Department of Cancer Biology and Genetics, the Comprehensive Cancer Center, College of Medicine, The Ohio State University, Columbus, OH, United States.
Department of Cancer Biology and Genetics, the Comprehensive Cancer Center, College of Medicine, The Ohio State University, Columbus, OH, United States.
Methods Enzymol. 2023;682:319-350. doi: 10.1016/bs.mie.2022.12.004. Epub 2023 Jan 12.
Expressed protein ligation (EPL) allows for the attachment of a synthetic peptide into the N- or C-terminus of a recombinant protein fragment to generate a site-specifically modified protein with substantial yields for biochemical and biophysical studies. In this method, multiple posttranslational modifications (PTMs) can be incorporated into a synthetic peptide containing an N-terminal Cysteine, which selectively reacts with a protein C-terminal thioester to afford an amide bond formation. However, the requirement of a Cysteine at the ligation site can limit EPL's potential applications. Here, we describe a method called enzyme-catalyzed EPL, which uses subtiligase to ligate protein thioesters with Cysteine-free peptides. The procedure includes generating protein C-terminal thioester and peptide, performing the enzymatic EPL reaction, and purifying the protein ligation product. We exemplify this method by generating phospholipid phosphatase PTEN with site-specific phosphorylations installed onto its C-terminal tail for biochemical assays.
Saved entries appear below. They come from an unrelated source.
lemma small_coset_rep_rotation_eq_le:
  assumes x: "small_coset_rep q m x" and y: "small_coset_rep q m y"
    and "k < m" "i \<le> k"
    and eq: "x * q ^ i mod (q ^ m - 1) = y * q ^ k mod (q ^ m - 1)"
  shows "x = y \<and> i = k"
proof -
  define n where "n = q ^ m - 1"
  define d where "d = k - i"
  note pos = small_coset_rep_pos[OF x]
  have "x < n" "y < n"
    using x y by (simp_all add: small_coset_rep_def n_def)
  have x_rot: "x = y * q ^ d mod n"
    using mult_power_mod_cancel[OF pos eq \<open>i \<le> k\<close>] \<open>x < n\<close>
    by (simp add: n_def d_def)
  have "y * q ^ k mod n = x * q ^ (m + i) mod n"
    using eq mult_power_mod_period[OF pos(1), of x m 1 i] by (simp add: n_def)
  then have y_rot: "y = x * q ^ (m - d) mod n"
    using mult_power_mod_cancel[OF pos, of y k x "m + i"] \<open>y < n\<close> \<open>k < m\<close> \<open>i \<le> k\<close>
    by (simp add: n_def d_def)
  have "d < m"
    using \<open>k < m\<close> by (simp add: d_def)
  consider "d = 0" | "(m + 1) div 2 \<le> d" | "0 < d" "(m + 1) div 2 \<le> m - d"
    by linarith
  then show ?thesis
  proof cases
    case 1
    then show ?thesis
      using x_rot \<open>y < n\<close> \<open>i \<le> k\<close> by (simp add: d_def)
  next
    case 2
    then show ?thesis
      using small_coset_rep_not_rotation[OF y x 2 \<open>d < m\<close>] x_rot by (simp add: n_def)
  next
    case 3
    have "m - d < m"
      using 3 \<open>d < m\<close> by simp
    then show ?thesis
      using small_coset_rep_not_rotation[OF x y 3(2)] y_rot by (simp add: n_def)
  qed
qed

lemma small_coset_rep_rotation_eq:
  assumes "small_coset_rep q m x" "small_coset_rep q m y" "i < m" "k < m"
    and "x * q ^ i mod (q ^ m - 1) = y * q ^ k mod (q ^ m - 1)"
  shows "x = y \<and> i = k"
  using small_coset_rep_rotation_eq_le[of q m x y k i] small_coset_rep_rotation_eq_le[of q m y x i k]
    assms by (cases "i \<le> k") auto

lemma cyc_coset_eq_image:
  assumes "0 < q" "0 < m"
  shows "cyc_coset q (q ^ m - 1) x = (\<lambda>j. x * q ^ j mod (q ^ m - 1)) ` {..<m}"
proof -
  have "x * q ^ k mod (q ^ m - 1) \<in> (\<lambda>j. x * q ^ j mod (q ^ m - 1)) ` {..<m}" for k
    using mult_power_mod_power_minus_one[OF \<open>0 < q\<close>, of x k m] \<open>0 < m\<close> by simp
  then show ?thesis
    unfolding cyc_coset_def by blast
qed

lemma card_cyc_coset:
  assumes "small_coset_rep q m x"
  shows "card (cyc_coset q (q ^ m - 1) x) = m"
proof -
  have "inj_on (\<lambda>j. x * q ^ j mod (q ^ m - 1)) {..<m}"
    using small_coset_rep_rotation_eq[OF assms assms] by (intro inj_onI) auto
  then show ?thesis
    unfolding cyc_coset_eq_image[OF small_coset_rep_pos[OF assms]] by (simp add: card_image)
qed

lemma cyc_coset_disjoint:
  assumes "small_coset_rep q m x" "small_coset_rep q m y" "x \<noteq> y"
  shows "cyc_coset q (q ^ m - 1) x \<inter> cyc_coset q (q ^ m - 1) y = {}"
  unfolding cyc_coset_eq_image[OF small_coset_rep_pos[OF assms(1)]]
  using small_coset_rep_rotation_eq[OF assms(1,2)] assms(3) by auto

lemma bch_Z_eq_UN_not_dvd:
  fixes q n \<delta> :: nat
  assumes "2 \<le> q"
  shows "bch_Z q n \<delta> = (\<Union>x\<in>{x\<in>{1..\<delta> - 1}. \<not> q dvd x}. cyc_coset q n x)"
proof (intro equalityI subsetI)
  fix z
  assume "z \<in> bch_Z q n \<delta>"
  then obtain i k where i: "i \<in> {1..\<delta> - 1}" and z: "z = i * q ^ k mod n"
    unfolding bch_Z_def cyc_coset_def by auto
  define e where "e = multiplicity q i"
  have "i \<noteq> 0" "\<not> is_unit q"
    using i assms by auto
  then obtain x where x: "i = q ^ e * x" "\<not> q dvd x"
    unfolding e_def by (rule multiplicity_decompose')
  have "x \<le> i"
    using x(1) \<open>i \<noteq> 0\<close> by (metis dvd_imp_le dvd_triv_right neq0_conv)
  then have "x \<le> \<delta> - 1"
    using i by simp
  moreover have "x \<noteq> 0"
    using x(2) by (metis dvd_0_right)
  ultimately have "x \<in> {x\<in>{1..\<delta> - 1}. \<not> q dvd x}"
    using x(2) by simp
  moreover have "z = x * q ^ (e + k) mod n"
    using z x(1) by (simp add: power_add ac_simps)
  ultimately show "z \<in> (\<Union>x\<in>{x\<in>{1..\<delta> - 1}. \<not> q dvd x}. cyc_coset q n x)"
    unfolding cyc_coset_def by blast
qed (auto simp: bch_Z_def)

lemma card_not_dvd_atLeastAtMost:
  fixes q N :: nat
  assumes "0 < q"
  shows "card {x\<in>{1..N}. \<not> q dvd x} = N - N div q"
proof -
  define M where "M = {x\<in>{1..N}. q dvd x}"
  have "M = (\<lambda>k. q * k) ` {1..N div q}"
  proof (intro equalityI subsetI)
    fix x
    assume "x \<in> M"
    then obtain k where "x = q * k" "1 \<le> q * k" "q * k \<le> N"
      by (auto simp: M_def)
    moreover from this have "k \<in> {1..N div q}"
      using assms by (simp add: less_eq_div_iff_mult_less_eq mult.commute)
    ultimately show "x \<in> (\<lambda>k. q * k) ` {1..N div q}"
      by blast
  next
    fix x
    assume "x \<in> (\<lambda>k. q * k) ` {1..N div q}"
    then obtain k where "x = q * k" "k \<in> {1..N div q}"
      by blast
    then show "x \<in> M"
      using assms by (simp add: M_def less_eq_div_iff_mult_less_eq mult.commute)
  qed
  then have "card M = N div q"
    using assms by (simp add: card_image inj_on_def)
  moreover have "card ({1..N} - M) = card {1..N} - card M"
    by (rule card_Diff_subset) (auto simp: M_def)
  moreover have "{x\<in>{1..N}. \<not> q dvd x} = {1..N} - M"
    by (auto simp: M_def)
  ultimately show ?thesis
    by simp
qed

lemma card_bch_Z:
  fixes q m \<delta> :: nat
  assumes "2 \<le> q" "0 < m" "\<delta> \<le> q ^ ((m + 1) div 2) + 1" "\<delta> \<le> q ^ m - 1"
  shows "card (bch_Z q (q ^ m - 1) \<delta>) = m * ((\<delta> - 1) - (\<delta> - 1) div q)"
proof -
  define S where "S = {x\<in>{1..\<delta> - 1}. \<not> q dvd x}"
  have small: "small_coset_rep q m x" if "x \<in> S" for x
    using that assms(3,4) by (auto simp: S_def small_coset_rep_def)
  have "card (bch_Z q (q ^ m - 1) \<delta>) = (\<Sum>x\<in>S. card (cyc_coset q (q ^ m - 1) x))"
    unfolding bch_Z_eq_UN_not_dvd[OF assms(1)] S_def[symmetric]
  proof (rule card_UN_disjoint)
    show "finite S"
      by (simp add: S_def)
    have "0 < q"
      using assms(1) by simp
    then show "\<forall>x\<in>S. finite (cyc_coset q (q ^ m - 1) x)"
      unfolding cyc_coset_eq_image[OF \<open>0 < q\<close> assms(2)] by simp
    show "\<forall>x\<in>S. \<forall>y\<in>S. x \<noteq> y \<longrightarrow> cyc_coset q (q ^ m - 1) x \<inter> cyc_coset q (q ^ m - 1) y = {}"
      using cyc_coset_disjoint small by blast
  qed
  also have "\<dots> = m * card S"
    using card_cyc_coset small by simp
  also have "card S = (\<delta> - 1) - (\<delta> - 1) div q"
    unfolding S_def using assms(1) by (intro card_not_dvd_atLeastAtMost) simp
  finally show ?thesis .
qed

lemma ceiling_mult_one_minus_inverse:
  fixes q N :: nat
  shows "\<lceil>real N * (1 - 1 / real q)\<rceil> = int (N - N div q)"
proof -
  have "\<lceil>real N * (1 - 1 / real q)\<rceil> = \<lceil>- (real N / real q) + of_int (int N)\<rceil>"
    by (simp add: algebra_simps)
  also have "\<dots> = int N - \<lfloor>real N / real q\<rfloor>"
    by (simp only: ceiling_add_of_int ceiling_minus)
  also have "\<dots> = int (N - N div q)"
    by (simp add: floor_divide_of_nat_eq of_nat_diff)
  finally show ?thesis .
qed

section \<open>Finite fields and their embeddings\<close>

lemma power_card_UNIV_eq_self:
  fixes x :: "'a::field"
  assumes "finite (UNIV :: 'a set)"
  shows "x ^ card (UNIV :: 'a set) = x"
proof (cases "x = 0")
  case True
  then show ?thesis
    using assms by (simp add: power_0_left)
next
  case False
  define U where "U = UNIV - {0 :: 'a}"
  have "finite U" "0 \<notin> U"
    using assms by (simp_all add: U_def)
  obtain c where c: "card (UNIV :: 'a set) = Suc c"
    using assms finite_UNIV_card_ge_0 gr0_implies_Suc by blast
  then have "card U = c"
    using assms by (simp add: U_def card_Diff_singleton)
  have "(\<Prod>y\<in>U. x * y) = (\<Prod>y\<in>U. y)"
    by (rule prod.reindex_bij_witness[of _ "\<lambda>y. y / x" "\<lambda>y. x * y"]) (simp_all add: U_def False)
  then have "x ^ c * (\<Prod>y\<in>U. y) = 1 * (\<Prod>y\<in>U. y)"
    by (simp add: prod.distrib \<open>card U = c\<close>)
  moreover have "(\<Prod>y\<in>U. y) \<noteq> 0"
    using \<open>finite U\<close> \<open>0 \<notin> U\<close> by simp
  ultimately have "x ^ c = 1"
    by simp
  then show ?thesis
    by (simp add: c)
qed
表达蛋白连接(EPL)允许将合成肽连接到重组蛋白片段的 N 端或 C 端,以生成具有生物化学和生物物理研究大量产量的特异性修饰蛋白。在该方法中,多种翻译后修饰(PTM)可以被掺入含有 N 端半胱氨酸的合成肽中,该半胱氨酸选择性地与蛋白 C 端硫酯反应以形成酰胺键。然而,在连接位点需要半胱氨酸可以限制 EPL 的潜在应用。在这里,我们描述了一种称为酶催化 EPL 的方法,该方法使用枯草杆菌蛋白酶连接酶将蛋白硫酯与不含半胱氨酸的肽连接。该过程包括生成蛋白 C 端硫酯和肽,进行酶促 EPL 反应,以及纯化蛋白连接产物。我们通过在其 C 端尾部安装特定磷酸化的磷脂磷酸酶 PTEN 来生成该方法的实例,以进行生化测定。